My group at Diamond Light Source is working on methods and technique development aimed at increasing the impact of macromolecular crystallography on structural biology.
We develop the DIALS software for the analysis of crystal diffraction data, collaborating mainly with Nick Sauter’s group from the Lawrence Berkeley National Laboratory in California. In addition, and in collaboration with CCP4, my group is developing autonomous data analysis pipelines based on machine learning systems. I still support the program Chooch which is now distributed by CCP4.
Tomography and radiography for crystal location and characterisation
A Warren, D Axford, G Evans
The location and characterisation of membrane protein crystals mounted within Lipidic Cubic Phase (LCP) material typically involves diffraction raster scanning that exposed the crystal to X-rays before data collection. We have develop a method to expose using very low doses and determine more precisely where crystals are as well as gaining insight into their size and shape. This enables users to better match the X-ray beam size and shape to that of the crystal thereby optimising the signal to noise ratio in the diffraction data.
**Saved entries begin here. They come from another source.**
(* As $n\to\infty$: (i) for fixed $j\ge1$, $\mathbb{E}[D_{n,j}]\sim \frac{\Gamma(j-1/2)}{\Gamma(j)}\,n^{1/2}$ and $\operatorname{Var}[D_{n,j}]\sim\left(\frac{4}{2j-1}-\frac{\Gamma^2(j-1/2)}{\Gamma^2(j)}\right)n$; (ii) if $j=j(n)\le n$ with $j\to\infty$, then $\mathbb{E}[D_{n,j}]\sim (n/j)^{1/2}$; (iii) if $j=j(n)\to\infty$ with $j=o(n)$, then $\operatorname{Var}[D_{n,j}]\sim n/j$; (iv) if $j=j(n)$ with $j/n\to\theta\in(0,1)$, then $\operatorname{Var}[D_{n,j}]\to 1/\theta-1/\sqrt{\theta}$.
   Context: A plane-oriented recursive tree (PORT) is the random sequence of trees $(T_n)_{n\ge1}$ defined as follows. $T_1$ is a single node labeled $1$ (the root). For $n\ge2$, $T_n$ is obtained from $T_{n-1}$ by adding a node labeled $n$ and an edge joining it to a node $i\in\{1,\dots,n-1\}$ of $T_{n-1}$, where, conditionally on $T_1,\dots,T_{n-1}$, node $i$ is chosen with probability $(c_{n-1,i}+1)/(2n-3)$, with $c_{n-1,i}$ the number of children of $i$ in $T_{n-1}$. $D_{n,j}$ denotes the degree of the node labeled $j$ in $T_n$. $a_n\sim b_n$ means $a_n/b_n\to1$. *)

theory Defs
  imports "HOL-Probability.Probability" "HOL-Library.Landau_Symbols"
begin

text \<open>A plane-oriented recursive tree T_n is encoded by the list of parents
  of the nodes 2, 3, ..., n (the k-th entry, 0-based, is the parent of node k+2).
  Attaching node n+1 to node i of T_n (nodes 1..n) with probability
  (c_{n,i}+1)/(2n-1) is the uniform choice from the multiset containing every
  node of T_n once plus one copy of i per child of i, i.e. mset ps + mset [1..<n+1].\<close>

fun port :: "nat \<Rightarrow> nat list pmf" where
  "port 0 = return_pmf []"
| "port (Suc n) =
     (if n = 0 then return_pmf []
      else bind_pmf (port n)
             (\<lambda>ps. map_pmf (\<lambda>i. ps @ [i])
                     (pmf_of_multiset (mset ps + mset [1..<Suc n]))))"

definition children :: "nat list \<Rightarrow> nat \<Rightarrow> nat" where
  "children ps i = count (mset ps) i"

text \<open>Degree of node j (graph degree: children plus the edge to the parent,
  which exists for every non-root node j \<ge> 2).\<close>
definition deg :: "nat list \<Rightarrow> nat \<Rightarrow> nat" where
  "deg ps j = children ps j + (if j \<ge> 2 then 1 else 0)"

definition ED :: "nat \<Rightarrow> nat \<Rightarrow> real" where
  "ED n j = measure_pmf.expectation (port n) (\<lambda>ps. real (deg ps j))"

definition VarD :: "nat \<Rightarrow> nat \<Rightarrow> real" where
  "VarD n j = measure_pmf.variance (port n) (\<lambda>ps. real (deg ps j))"

end

theory Submission
  imports Defs "HOL-Real_Asymp.Real_Asymp"
begin

text \<open>Write c for the number of children of node j, so that D_{n,j} = c + 1 for j \<ge> 2 and
  D_{n,1} = c. Given T_n, node j receives node n+1 with probability (c+1)/(2n-1); since c+1 times
  the forward difference of the rising factorial (c+1)^(k) is k (c+1)^(k), every step multiplies
  E (c+1)^(k) by 1 + k/(2n-1), starting from k! when node j is born. For k = 1 this product is
  Gamma(n) Gamma(j-1/2) / (Gamma(j) Gamma(n-1/2)), for k = 2 it telescopes to (2n-1)/(2j-1), which gives
  mean and variance in closed form. All four regimes then follow from
  Gamma(m)/Gamma(m-1/2) ~ sqrt m, a consequence of Gauss's product formula at 1/2. The variance
  constant in (i) is positive because Gamma(m)^2 / ((m-1) Gamma(m-1/2)^2) decreases strictly to 1.\<close>

section \<open>Moments of the number of children\<close>

lemma set_pmf_port:
  assumes "n \<ge> 1" "ps \<in> set_pmf (port n)"
  shows "length ps = n - 1 \<and> set ps \<subseteq> {1..<n}"
  using assms
proof (induction n arbitrary: ps)
  case 0
  then show ?case by simp
next
  case (Suc n)
  show ?case
  proof (cases "n = 0")
    case True
    then show ?thesis using Suc.prems by simp
  next
    case False
    have "mset qs + mset [1..<Suc n] \<noteq> {#}" for qs :: "nat list"
      using False by simp
    with Suc.prems False obtain qs i where qs: "qs \<in> set_pmf (port n)" and "ps = qs @ [i]"
      and "i \<in> set_mset (mset qs + mset [1..<Suc n])"
      by (auto simp: set_pmf_of_multiset)
    moreover have "length qs = n - 1" "set qs \<subseteq> {1..<n}"
      using Suc.IH[OF _ qs] False by auto
    ultimately show ?thesis using False by auto
  qed
qed

lemma finite_set_pmf_port: "finite (set_pmf (port n))"
proof (rule finite_subset)
  show "set_pmf (port n) \<subseteq> {ps. set ps \<subseteq> {0..<n} \<and> length ps = n - 1}"
  proof
    fix ps assume "ps \<in> set_pmf (port n)"
    then show "ps \<in> {ps. set ps \<subseteq> {0..<n} \<and> length ps = n - 1}"
      using set_pmf_port[of n ps] by (cases "n = 0") auto
  qed
qed (rule finite_lists_length_eq, simp)

lemma integrable_port [simp]: "integrable (measure_pmf (port n)) (f :: nat list \<Rightarrow> real)"
  by (rule integrable_measure_pmf_finite[OF finite_set_pmf_port])

lemma children_port_self:
  assumes "1 \<le> j" "ps \<in> set_pmf (port j)"
  shows "children ps j = 0"
  using set_pmf_port[OF assms] by (auto simp: children_def count_eq_zero_iff)

lemma expectation_bind_pmf_finite:
  fixes p :: "'a pmf" and f :: "'a \<Rightarrow> 'b pmf" and h :: "'b \<Rightarrow> real"
  assumes "finite (set_pmf p)" "\<And>x. x \<in> set_pmf p \<Longrightarrow> finite (set_pmf (f x))"
  shows "measure_pmf.expectation (p \<bind> f) h =
         measure_pmf.expectation p (\<lambda>x. measure_pmf.expectation (f x) h)"
  using pmf_expectation_bind[OF assms order_refl, where h=h]
    integral_measure_pmf[OF assms(1), of p "\<lambda>x. measure_pmf.expectation (f x) h"]
  by simp

lemma pmf_attach_node:
  assumes "ps \<in> set_pmf (port n)" "1 \<le> j" "j \<le> n"
  shows "pmf (pmf_of_multiset (mset ps + mset [1..<Suc n])) j =
         (real (children ps j) + 1) / (2 * real n - 1)"
  using set_pmf_port[of n ps] assms
  by (simp add: children_def of_nat_diff)

lemma expectation_attach_node:
  fixes f :: "nat \<Rightarrow> real"
  assumes "ps \<in> set_pmf (port n)" "1 \<le> j" "j \<le> n"
  defines "c \<equiv> children ps j"
  shows "measure_pmf.expectation (pmf_of_multiset (mset ps + mset [1..<Suc n]))
           (\<lambda>i. f (children (ps @ [i]) j))
         = f c + (f (c + 1) - f c) * (real c + 1) / (2 * real n - 1)"
proof -
  define M where "M = pmf_of_multiset (mset ps + mset [1..<Suc n])"
  have "finite (set_pmf M)"
    using assms(2,3) by (simp add: M_def)
  moreover have "(\<lambda>i. f (children (ps @ [i]) j)) = (\<lambda>i. f c + (f (c + 1) - f c) * indicator {j} i)"
    by (auto simp: c_def children_def indicator_def)
  ultimately have "measure_pmf.expectation M (\<lambda>i. f (children (ps @ [i]) j))
      = f c + (f (c + 1) - f c) * pmf M j"
    by (simp add: integrable_measure_pmf_finite measure_pmf.prob_space measure_pmf_single)
  then show ?thesis
    using pmf_attach_node[OF assms(1-3)] by (simp add: M_def c_def)
qed

lemma expectation_port_Suc:
  fixes f :: "nat \<Rightarrow> real"
  assumes "1 \<le> j" "j \<le> n"
  shows "measure_pmf.expectation (port (Suc n)) (\<lambda>ps. f (children ps j)) =
         measure_pmf.expectation (port n) (\<lambda>ps. f (children ps j) +
           (f (children ps j + 1) - f (children ps j)) * (real (children ps j) + 1) / (2 * real n - 1))"
proof -
  let ?M = "\<lambda>ps. pmf_of_multiset (mset ps + mset [1..<Suc n])"
  have "port (Suc n) = port n \<bind> (\<lambda>ps. map_pmf (\<lambda>i. ps @ [i]) (?M ps))"
    using assms by simp
  then have "measure_pmf.expectation (port (Suc n)) (\<lambda>ps. f (children ps j)) =
      measure_pmf.expectation (port n)
        (\<lambda>ps. measure_pmf.expectation (?M ps) (\<lambda>i. f (children (ps @ [i]) j)))"
    using assms by (simp add: expectation_bind_pmf_finite finite_set_pmf_port)
  also have "\<dots> = measure_pmf.expectation (port n) (\<lambda>ps. f (children ps j) +
           (f (children ps j + 1) - f (children ps j)) * (real (children ps j) + 1) / (2 * real n - 1))"
    using assms by (intro integral_cong_AE AE_pmfI expectation_attach_node) simp_all
  finally show ?thesis .
qed

lemma pochhammer_forward_difference:
  fixes x :: "'a :: comm_ring_1"
  shows "x * (pochhammer (x + 1) k - pochhammer x k) = of_nat k * pochhammer x k"
proof (cases k)
  case (Suc m)
  then show ?thesis
    unfolding Suc pochhammer_rec[of x m] pochhammer_rec'[of "x + 1" m] by (simp add: algebra_simps)
qed simp

theorem factorial_moment_port:
  assumes "1 \<le> j" "j \<le> n"
  shows "measure_pmf.expectation (port n) (\<lambda>ps. pochhammer (real (children ps j) + 1) k) =
         fact k * (\<Prod>m = j..<n. 1 + real k / (2 * real m - 1))"
  using assms(2)
proof (induction n rule: dec_induct)
  case base
  have "measure_pmf.expectation (port j) (\<lambda>ps. pochhammer (real (children ps j) + 1) k) =
        measure_pmf.expectation (port j) (\<lambda>_. fact k)"
    using assms(1) by (intro integral_cong_AE AE_pmfI) (simp_all add: children_port_self pochhammer_fact)
  then show ?case by (simp add: measure_pmf.prob_space)
next
  case (step n)
  let ?f = "\<lambda>c. pochhammer (real c + 1) k"
  let ?D = "2 * real n - 1"
  have "?f c + (?f (c + 1) - ?f c) * (real c + 1) / ?D = ?f c * (1 + real k / ?D)" for c
    using pochhammer_forward_difference[of "real c + 1" k]
    by (simp add: add.commute mult.commute add_divide_distrib distrib_left)
  then have "measure_pmf.expectation (port (Suc n)) (\<lambda>ps. ?f (children ps j)) =
      measure_pmf.expectation (port n) (\<lambda>ps. ?f (children ps j) * (1 + real k / ?D))"
    using expectation_port_Suc[of j n ?f] assms step.hyps by simp
  also have "\<dots> = fact k * (\<Prod>m = j..<Suc n. 1 + real k / (2 * real m - 1))"
    using step by (simp add: prod.atLeastLessThan_Suc)
  finally show ?case .
qed
(* Assume the standing setting below. Let $\alpha\in(0,1/6]$ with $\alpha n$ an integer, let $P_1,P_2\subseteq X$ be disjoint with $|P_1|=|P_2|=\alpha n$, let $T\subseteq X$ be nonempty, and set $\psi:=\frac{1}{3\alpha}R_{2\alpha(k+1)\phi_\alpha}(P_2,T)$. Define $F_b:=\mathrm{far}_{k\phi_\alpha}(X\setminus P_1,T)$, let $\mathcal{B}_b$ be a $(\phi_\alpha/3)$-linear bin division of $(X\setminus P_1)\setminus F_b$ with respect to $T$; define $F_c:=\mathrm{far}_{4(k+1)\phi_\alpha}(X\setminus P_1,T)$ and let $\mathcal{B}_c$ be a $(\phi_\alpha/3)$-linear bin division of $(X\setminus P_1)\setminus F_c$ with respect to $T$. (a) If each of $F_b$ and $\mathcal{B}_b$ is trivial or well-represented in $P_2$ for $X\setminus P_1$, then $\psi\le R_{k\phi_\alpha}(X,T)$. (b) If each of $F_c$ and $\mathcal{B}_c$ is trivial or well-represented in $P_2$ for $X\setminus P_1$, then $\frac19 R_{5(k+1)\phi_\alpha}(X\setminus P_1,T)\le\psi$.
   Context: Standing setting: $(X,\rho)$ is a finite metric space with $|X|=n$; $k\ge2$ is an integer and $\delta\in(0,1)$; $\log$ is the natural logarithm; for $\alpha>0$, $\phi_\alpha:=150\log(32k/\delta)/\alpha$. For nonempty $T\subseteq X$, $\rho(x,T):=\min_{y\in T}\rho(x,y)$ and $R(S,T):=\sum_{x\in S}\rho(x,T)$; ties are broken by a fixed ordering of $X$. For $S\subseteq X$ and real $r\ge0$, $\mathrm{far}_r(S,T)$ is the set of the $\lceil r\rceil$ points of $S$ furthest from $T$ (ties broken by the fixed ordering); if $|S|<r$, $\mathrm{far}_r(S,T):=S$ and it is called a trivial far set. $R_r(S,T):=R(S\setminus\mathrm{far}_r(S,T),T)$. For finite $W$, $A,B\subseteq W$, $B$ is well-represented in $A$ for $W$ if $|B\cap A|/|B|\in[r/2,\frac32 r]$ with $r=|A|/|W|$; a bin division is well-represented if all its bins are. A $z$-linear bin division ($z>0$) of $W$ with respect to $T$ is a partition $(\mathcal{B}(1),\ldots,\mathcal{B}(L))$ of $W$ with: (1) if $z\le|W|$, $|\mathcal{B}(i)|\ge z(i+1)/2$ for all $i$; otherwise it is trivial, $\mathcal{B}(1):=W$; (2) $|\mathcal{B}(1)|\le\frac52 z$; (3) $|\mathcal{B}(i+1)|/|\mathcal{B}(i)|\le3/2$; (4) $\rho(x,T)\ge\rho(x',T)$ whenever $x\in\mathcal{B}(i)$, $x'\in\mathcal{B}(i+1)$. *)

theory Defs
  imports Complex_Main
begin

definition finite_metric_space :: "'a set \<Rightarrow> ('a \<Rightarrow> 'a \<Rightarrow> real) \<Rightarrow> bool" where
  "finite_metric_space X rho \<longleftrightarrow> finite X \<and>
     (\<forall>x\<in>X. \<forall>y\<in>X. rho x y \<ge> 0) \<and>
     (\<forall>x\<in>X. \<forall>y\<in>X. rho x y = 0 \<longleftrightarrow> x = y) \<and>
     (\<forall>x\<in>X. \<forall>y\<in>X. rho x y = rho y x) \<and>
     (\<forall>x\<in>X. \<forall>y\<in>X. \<forall>z\<in>X. rho x z \<le> rho x y + rho y z)"

definition phi :: "nat \<Rightarrow> real \<Rightarrow> real \<Rightarrow> real" where
  "phi k \<delta> \<alpha> = 150 * ln (32 * real k / \<delta>) / \<alpha>"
Membrane Protein Laboratory at Diamond
Together with So Iwata and Isabel de Moraes from Imperial College London I am a co-applicant on a Wellcome Trust grant to fund the Membrane Protein Laboratory at Diamond Light Source (MPL video). The lab was conceived in order to increase the rate of crystal production of membrane proteins, a medically important class of proteins, by siting it within the Diamond synchrotron directly next to the I24 microfocus beamline. The collaboration between I24 and the MPL has resulted in a novel early stage facility for membrane protein crystallization.